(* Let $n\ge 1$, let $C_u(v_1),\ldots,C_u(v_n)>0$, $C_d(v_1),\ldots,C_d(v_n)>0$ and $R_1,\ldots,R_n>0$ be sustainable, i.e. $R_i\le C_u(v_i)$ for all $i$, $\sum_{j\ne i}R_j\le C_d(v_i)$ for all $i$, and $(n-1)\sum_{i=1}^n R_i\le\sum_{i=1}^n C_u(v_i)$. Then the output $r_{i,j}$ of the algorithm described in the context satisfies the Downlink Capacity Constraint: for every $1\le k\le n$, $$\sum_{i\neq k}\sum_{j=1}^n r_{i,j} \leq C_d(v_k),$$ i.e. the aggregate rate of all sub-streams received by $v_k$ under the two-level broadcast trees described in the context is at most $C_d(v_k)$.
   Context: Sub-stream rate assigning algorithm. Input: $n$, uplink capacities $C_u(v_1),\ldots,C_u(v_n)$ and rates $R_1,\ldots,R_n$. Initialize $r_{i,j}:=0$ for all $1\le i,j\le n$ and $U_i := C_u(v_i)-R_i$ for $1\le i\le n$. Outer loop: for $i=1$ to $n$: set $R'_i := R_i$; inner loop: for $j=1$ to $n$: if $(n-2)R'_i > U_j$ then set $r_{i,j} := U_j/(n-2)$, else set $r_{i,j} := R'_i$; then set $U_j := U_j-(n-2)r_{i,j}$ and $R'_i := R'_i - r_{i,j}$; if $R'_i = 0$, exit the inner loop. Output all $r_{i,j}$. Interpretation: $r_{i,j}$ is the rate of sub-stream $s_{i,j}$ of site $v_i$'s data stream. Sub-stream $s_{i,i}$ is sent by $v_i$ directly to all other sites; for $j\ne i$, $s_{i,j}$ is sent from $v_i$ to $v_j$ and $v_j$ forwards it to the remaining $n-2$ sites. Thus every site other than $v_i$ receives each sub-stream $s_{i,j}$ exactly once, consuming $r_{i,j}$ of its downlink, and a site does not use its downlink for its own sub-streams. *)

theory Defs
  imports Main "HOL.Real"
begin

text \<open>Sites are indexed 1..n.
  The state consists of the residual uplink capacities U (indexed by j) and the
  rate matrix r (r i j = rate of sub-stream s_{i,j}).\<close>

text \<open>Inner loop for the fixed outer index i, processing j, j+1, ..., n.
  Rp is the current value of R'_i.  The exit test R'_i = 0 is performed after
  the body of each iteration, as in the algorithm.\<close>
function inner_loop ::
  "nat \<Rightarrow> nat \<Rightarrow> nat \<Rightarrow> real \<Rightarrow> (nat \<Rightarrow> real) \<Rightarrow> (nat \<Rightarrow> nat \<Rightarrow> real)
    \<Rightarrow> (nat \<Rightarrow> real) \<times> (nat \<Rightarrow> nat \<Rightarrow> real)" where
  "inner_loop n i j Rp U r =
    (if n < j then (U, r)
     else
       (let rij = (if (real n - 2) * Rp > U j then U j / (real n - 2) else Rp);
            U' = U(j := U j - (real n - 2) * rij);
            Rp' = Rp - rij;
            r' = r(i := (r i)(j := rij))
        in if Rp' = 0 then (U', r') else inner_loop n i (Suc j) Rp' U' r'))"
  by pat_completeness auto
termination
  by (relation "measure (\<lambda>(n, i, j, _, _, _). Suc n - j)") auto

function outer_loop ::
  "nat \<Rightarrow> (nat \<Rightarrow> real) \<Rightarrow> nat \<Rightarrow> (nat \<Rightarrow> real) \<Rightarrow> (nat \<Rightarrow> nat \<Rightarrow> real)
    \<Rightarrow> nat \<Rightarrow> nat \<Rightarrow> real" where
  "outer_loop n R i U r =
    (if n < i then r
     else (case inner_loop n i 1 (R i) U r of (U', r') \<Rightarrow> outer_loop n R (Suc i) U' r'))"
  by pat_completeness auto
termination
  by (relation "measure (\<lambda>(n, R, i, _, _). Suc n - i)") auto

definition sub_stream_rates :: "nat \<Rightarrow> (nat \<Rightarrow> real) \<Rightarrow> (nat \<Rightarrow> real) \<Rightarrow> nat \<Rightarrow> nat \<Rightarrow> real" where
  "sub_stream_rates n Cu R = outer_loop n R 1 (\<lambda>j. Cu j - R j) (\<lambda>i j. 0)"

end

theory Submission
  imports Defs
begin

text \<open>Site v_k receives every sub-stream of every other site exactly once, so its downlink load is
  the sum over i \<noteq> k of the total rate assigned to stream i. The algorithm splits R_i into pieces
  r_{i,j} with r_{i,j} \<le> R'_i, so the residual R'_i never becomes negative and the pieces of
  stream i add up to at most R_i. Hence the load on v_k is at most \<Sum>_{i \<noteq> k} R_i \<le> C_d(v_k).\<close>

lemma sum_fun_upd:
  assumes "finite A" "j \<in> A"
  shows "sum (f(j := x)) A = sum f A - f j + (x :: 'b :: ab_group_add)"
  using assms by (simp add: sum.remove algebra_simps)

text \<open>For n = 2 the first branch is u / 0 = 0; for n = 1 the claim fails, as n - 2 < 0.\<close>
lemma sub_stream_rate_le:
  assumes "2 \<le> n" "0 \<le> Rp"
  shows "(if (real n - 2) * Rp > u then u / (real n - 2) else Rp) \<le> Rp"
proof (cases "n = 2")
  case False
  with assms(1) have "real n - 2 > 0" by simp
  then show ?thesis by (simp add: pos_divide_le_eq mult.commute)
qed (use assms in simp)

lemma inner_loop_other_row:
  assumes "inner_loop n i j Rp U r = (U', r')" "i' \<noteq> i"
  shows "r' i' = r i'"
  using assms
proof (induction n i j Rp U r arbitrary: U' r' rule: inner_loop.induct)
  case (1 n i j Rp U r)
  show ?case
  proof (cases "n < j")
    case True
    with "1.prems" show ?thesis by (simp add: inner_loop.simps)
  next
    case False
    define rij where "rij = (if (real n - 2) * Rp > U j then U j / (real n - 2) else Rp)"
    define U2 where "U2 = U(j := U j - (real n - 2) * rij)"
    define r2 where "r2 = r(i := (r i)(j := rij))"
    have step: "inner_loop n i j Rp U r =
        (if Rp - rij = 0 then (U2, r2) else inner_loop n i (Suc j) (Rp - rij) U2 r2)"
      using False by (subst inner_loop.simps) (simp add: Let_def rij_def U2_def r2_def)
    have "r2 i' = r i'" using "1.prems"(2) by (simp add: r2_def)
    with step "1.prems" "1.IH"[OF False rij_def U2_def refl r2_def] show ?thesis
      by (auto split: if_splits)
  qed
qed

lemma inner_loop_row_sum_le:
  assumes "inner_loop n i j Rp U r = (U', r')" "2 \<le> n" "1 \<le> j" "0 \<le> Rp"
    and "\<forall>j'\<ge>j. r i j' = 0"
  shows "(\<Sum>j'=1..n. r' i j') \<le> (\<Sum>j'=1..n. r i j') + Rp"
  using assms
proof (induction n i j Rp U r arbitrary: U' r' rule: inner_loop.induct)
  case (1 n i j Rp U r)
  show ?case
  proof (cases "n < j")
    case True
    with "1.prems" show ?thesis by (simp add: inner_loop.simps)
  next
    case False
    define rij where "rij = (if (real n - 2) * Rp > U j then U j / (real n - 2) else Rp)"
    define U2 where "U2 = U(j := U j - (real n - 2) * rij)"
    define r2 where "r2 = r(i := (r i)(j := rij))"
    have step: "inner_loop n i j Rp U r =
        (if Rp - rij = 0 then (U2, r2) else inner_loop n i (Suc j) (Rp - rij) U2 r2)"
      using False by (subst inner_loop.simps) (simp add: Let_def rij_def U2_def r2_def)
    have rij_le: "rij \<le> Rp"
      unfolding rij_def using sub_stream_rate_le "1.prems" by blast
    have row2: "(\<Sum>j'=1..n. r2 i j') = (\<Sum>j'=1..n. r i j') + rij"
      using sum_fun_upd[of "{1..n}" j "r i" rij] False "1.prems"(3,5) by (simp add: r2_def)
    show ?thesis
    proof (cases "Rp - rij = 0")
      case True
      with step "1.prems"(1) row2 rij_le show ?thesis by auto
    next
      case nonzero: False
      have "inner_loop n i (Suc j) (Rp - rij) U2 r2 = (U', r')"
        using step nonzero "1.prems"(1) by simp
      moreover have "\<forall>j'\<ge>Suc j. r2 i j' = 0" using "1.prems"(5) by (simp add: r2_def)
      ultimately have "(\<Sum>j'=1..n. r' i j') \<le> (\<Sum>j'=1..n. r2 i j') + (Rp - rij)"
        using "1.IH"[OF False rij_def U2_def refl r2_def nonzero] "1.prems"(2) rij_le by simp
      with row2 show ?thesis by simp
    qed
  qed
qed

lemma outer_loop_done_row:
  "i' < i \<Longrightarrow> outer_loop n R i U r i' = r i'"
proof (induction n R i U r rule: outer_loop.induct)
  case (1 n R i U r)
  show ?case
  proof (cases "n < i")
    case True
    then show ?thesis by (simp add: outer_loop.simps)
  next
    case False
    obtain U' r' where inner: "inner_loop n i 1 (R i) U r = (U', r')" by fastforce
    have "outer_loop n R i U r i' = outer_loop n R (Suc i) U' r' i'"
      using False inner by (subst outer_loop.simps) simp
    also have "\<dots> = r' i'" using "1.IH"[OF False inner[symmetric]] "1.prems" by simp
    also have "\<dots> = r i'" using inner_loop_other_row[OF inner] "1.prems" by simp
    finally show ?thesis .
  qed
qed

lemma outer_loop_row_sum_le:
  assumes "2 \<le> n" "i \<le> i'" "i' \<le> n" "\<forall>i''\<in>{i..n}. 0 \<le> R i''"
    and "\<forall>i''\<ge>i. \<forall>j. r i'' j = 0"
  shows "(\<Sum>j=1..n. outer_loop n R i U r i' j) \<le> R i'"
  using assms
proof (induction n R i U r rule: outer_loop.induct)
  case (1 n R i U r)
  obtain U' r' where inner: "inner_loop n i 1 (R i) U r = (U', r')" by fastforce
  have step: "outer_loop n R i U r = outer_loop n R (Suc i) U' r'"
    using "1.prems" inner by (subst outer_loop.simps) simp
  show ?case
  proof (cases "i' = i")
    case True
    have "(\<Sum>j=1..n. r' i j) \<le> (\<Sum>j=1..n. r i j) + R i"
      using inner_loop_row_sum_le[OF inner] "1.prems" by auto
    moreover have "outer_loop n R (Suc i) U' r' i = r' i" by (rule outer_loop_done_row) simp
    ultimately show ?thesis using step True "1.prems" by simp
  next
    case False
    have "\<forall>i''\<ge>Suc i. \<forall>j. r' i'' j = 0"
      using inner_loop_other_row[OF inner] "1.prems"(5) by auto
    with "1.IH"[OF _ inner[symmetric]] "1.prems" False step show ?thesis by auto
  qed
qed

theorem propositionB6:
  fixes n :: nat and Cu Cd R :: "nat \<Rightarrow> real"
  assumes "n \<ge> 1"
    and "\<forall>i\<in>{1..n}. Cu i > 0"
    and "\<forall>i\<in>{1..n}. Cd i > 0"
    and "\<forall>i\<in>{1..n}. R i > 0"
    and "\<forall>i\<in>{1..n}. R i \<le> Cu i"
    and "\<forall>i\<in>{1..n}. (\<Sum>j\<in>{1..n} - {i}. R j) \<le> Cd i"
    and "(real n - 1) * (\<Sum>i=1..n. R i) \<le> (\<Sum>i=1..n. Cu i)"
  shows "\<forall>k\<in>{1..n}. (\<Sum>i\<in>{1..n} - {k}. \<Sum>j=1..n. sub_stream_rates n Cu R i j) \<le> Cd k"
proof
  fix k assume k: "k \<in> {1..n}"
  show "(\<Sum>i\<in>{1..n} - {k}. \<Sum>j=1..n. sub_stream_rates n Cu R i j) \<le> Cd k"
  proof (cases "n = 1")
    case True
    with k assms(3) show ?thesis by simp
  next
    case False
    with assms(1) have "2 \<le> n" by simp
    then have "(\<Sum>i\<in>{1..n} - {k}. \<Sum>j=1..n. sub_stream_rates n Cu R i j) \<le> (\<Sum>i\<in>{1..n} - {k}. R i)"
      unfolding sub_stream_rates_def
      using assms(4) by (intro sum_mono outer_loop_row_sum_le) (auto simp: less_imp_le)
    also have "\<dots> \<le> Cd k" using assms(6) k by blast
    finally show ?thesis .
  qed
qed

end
▬▬▬▬▬▬▬▬▬▬
Take exactly the lines from the one containing "theory Defs" through the one containing "U' = U(j := U j" in the data above, and output them with nothing added.

theory Defs
  imports Main "HOL.Real"
begin

text \<open>Sites are indexed 1..n.
  The state consists of the residual uplink capacities U (indexed by j) and the
  rate matrix r (r i j = rate of sub-stream s_{i,j}).\<close>

text \<open>Inner loop for the fixed outer index i, processing j, j+1, ..., n.
  Rp is the current value of R'_i.  The exit test R'_i = 0 is performed after
  the body of each iteration, as in the algorithm.\<close>
function inner_loop ::
  "nat \<Rightarrow> nat \<Rightarrow> nat \<Rightarrow> real \<Rightarrow> (nat \<Rightarrow> real) \<Rightarrow> (nat \<Rightarrow> nat \<Rightarrow> real)
    \<Rightarrow> (nat \<Rightarrow> real) \<times> (nat \<Rightarrow> nat \<Rightarrow> real)" where
  "inner_loop n i j Rp U r =
    (if n < j then (U, r)
     else
       (let rij = (if (real n - 2) * Rp > U j then U j / (real n - 2) else Rp);
            U' = U(j := U j - (real n - 2) * rij);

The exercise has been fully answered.